interpretation G: group G by (rule G)
interpretation \<Phi>: group_hom G "wreath H \<Omega>" \<Phi>
  by (intro group_hom.intro group_hom_axioms.intro G group_wreath H \<Phi>)

lemma snd_wreath_inv_comp:
  "k \<in> carrier (wreath H \<Omega>) \<Longrightarrow> snd (inv\<^bsub>wreath H \<Omega>\<^esub> k) \<circ> snd k = id"
  using \<Phi>.H.r_inv[of k] by (simp add: wreath_mult wreath_one)

lemma subgroup_point_stabiliser: "subgroup (point_stabiliser G \<Phi> x\<^sub>0) G"
proof (rule G.subgroupI)
  show "point_stabiliser G \<Phi> x\<^sub>0 \<noteq> {}"
    using \<Phi>.hom_one by (force simp: point_stabiliser_def wreath_one)
next
  fix A assume "A \<in> point_stabiliser G \<Phi> x\<^sub>0"
  then show "inv\<^bsub>G\<^esub> A \<in> point_stabiliser G \<Phi> x\<^sub>0"
    using fun_cong[OF snd_wreath_inv_comp[of "\<Phi> A"], of x\<^sub>0]
    by (simp add: point_stabiliser_def \<Phi>.hom_inv)
qed (auto simp: point_stabiliser_def wreath_mult)
lemma coupling_snd_le:
  assumes "C \<in> couplings k l" "(i, j) \<in> set C"
  shows "j \<le> l - 1"
proof -
  have sorted: "sorted (map snd C)"
    using coupling_step[OF assms(1)] by (simp add: sorted_iff_nth_Suc)
  obtain s where s: "s < length C" "C ! s = (i, j)"
    using assms(2) by (metis in_set_conv_nth)
  have "j = map snd C ! s" using s by simp
  also have "\<dots> \<le> map snd C ! (length C - 1)"
    using sorted s(1) by (intro sorted_nth_mono) auto
  also have "\<dots> = snd (last C)"
    using coupling_hd_last(1)[OF assms(1)] by (simp add: last_conv_nth)
  finally show ?thesis using coupling_hd_last(3)[OF assms(1)] by simp
qed

lemma coupling_covers_fst:
  assumes "C \<in> couplings k l" "i < k"
  shows "\<exists>j. (i, j) \<in> set C"
proof -
  have "i \<in> set (map fst C)"
  proof (rule in_set_if_steps_le_Suc)
    show "\<forall>s. Suc s < length (map fst C) \<longrightarrow> map fst C ! Suc s \<le> map fst C ! s + 1"
      using coupling_step[OF assms(1)] by simp
  qed (use coupling_hd_last[OF assms(1)] assms(2) in \<open>auto simp: hd_map last_map\<close>)
  then show ?thesis by auto
qed

lemma diagonal_coupling:
  assumes "k \<ge> 1"
  shows "map (\<lambda>j. (j, j)) [0..<k] \<in> couplings k k"
  using assms unfolding couplings_def by (simp add: hd_map last_map)

definition coupling_cost :: "curve \<Rightarrow> curve \<Rightarrow> (nat \<times> nat) list \<Rightarrow> real" where
  "coupling_cost P Q C = Max ((\<lambda>(i, j). \<bar>P ! i - Q ! j\<bar>) ` set C)"

lemma dfd_eq_Inf_coupling_cost:
  "dfd P Q = Inf (coupling_cost P Q ` couplings (length P) (length Q))"
  unfolding dfd_def coupling_cost_def by (simp add: Setcompr_eq_image)

lemma coupling_cost_ge:
  assumes "(i, j) \<in> set C"
  shows "\<bar>P ! i - Q ! j\<bar> \<le> coupling_cost P Q C"
  unfolding coupling_cost_def using assms by (intro Max_ge) force+

lemma dfd_le_coupling_cost:
  assumes "C \<in> couplings (length P) (length Q)"
  shows "dfd P Q \<le> coupling_cost P Q C"
  unfolding dfd_eq_Inf_coupling_cost
proof (rule cInf_lower)
  show "bdd_below (coupling_cost P Q ` couplings (length P) (length Q))"
  proof (rule bdd_belowI2)
    fix C' assume "C' \<in> couplings (length P) (length Q)"
    then obtain p where "p \<in> set C'"
      using coupling_hd_last(1) by (metis list.set_intros(1) neq_Nil_conv)
    then show "0 \<le> coupling_cost P Q C'"
      using coupling_cost_ge[of "fst p" "snd p"] by (metis abs_ge_zero order_trans prod.collapse)
  qed
qed (use assms in simp)

lemma le_dfd_if_every_coupling_hits:
  assumes "couplings (length P) (length Q) \<noteq> {}"
    and "\<And>C. C \<in> couplings (length P) (length Q) \<Longrightarrow> \<exists>(i, j) \<in> set C. b \<le> \<bar>P ! i - Q ! j\<bar>"
  shows "b \<le> dfd P Q"
  unfolding dfd_eq_Inf_coupling_cost
proof (rule cINF_greatest)
  fix C assume "C \<in> couplings (length P) (length Q)"
  then obtain i j where "(i, j) \<in> set C" "b \<le> \<bar>P ! i - Q ! j\<bar>"
    using assms(2) by blast
  then show "b \<le> coupling_cost P Q C"
    using coupling_cost_ge by (blast intro: order_trans)
qed (use assms(1) in simp)

definition stair :: "real \<Rightarrow> nat \<Rightarrow> (nat \<Rightarrow> real) \<Rightarrow> curve" where
  "stair H k x = map (\<lambda>j. x j + H * real j) [0..<k]"

lemma length_stair [simp]: "length (stair H k x) = k"
  by (simp add: stair_def)

lemma nth_stair [simp]: "j < k \<Longrightarrow> stair H k x ! j = x j + H * real j"
  by (simp add: stair_def)

lemma stair_eq_iff: "stair H k x = stair H k y \<longleftrightarrow> (\<forall>j<k. x j = y j)"
  by (auto simp: stair_def)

**Your objective:** Of all the lines above, count the ones that include the string "definition" and give the number alone.

**Task answer:** 2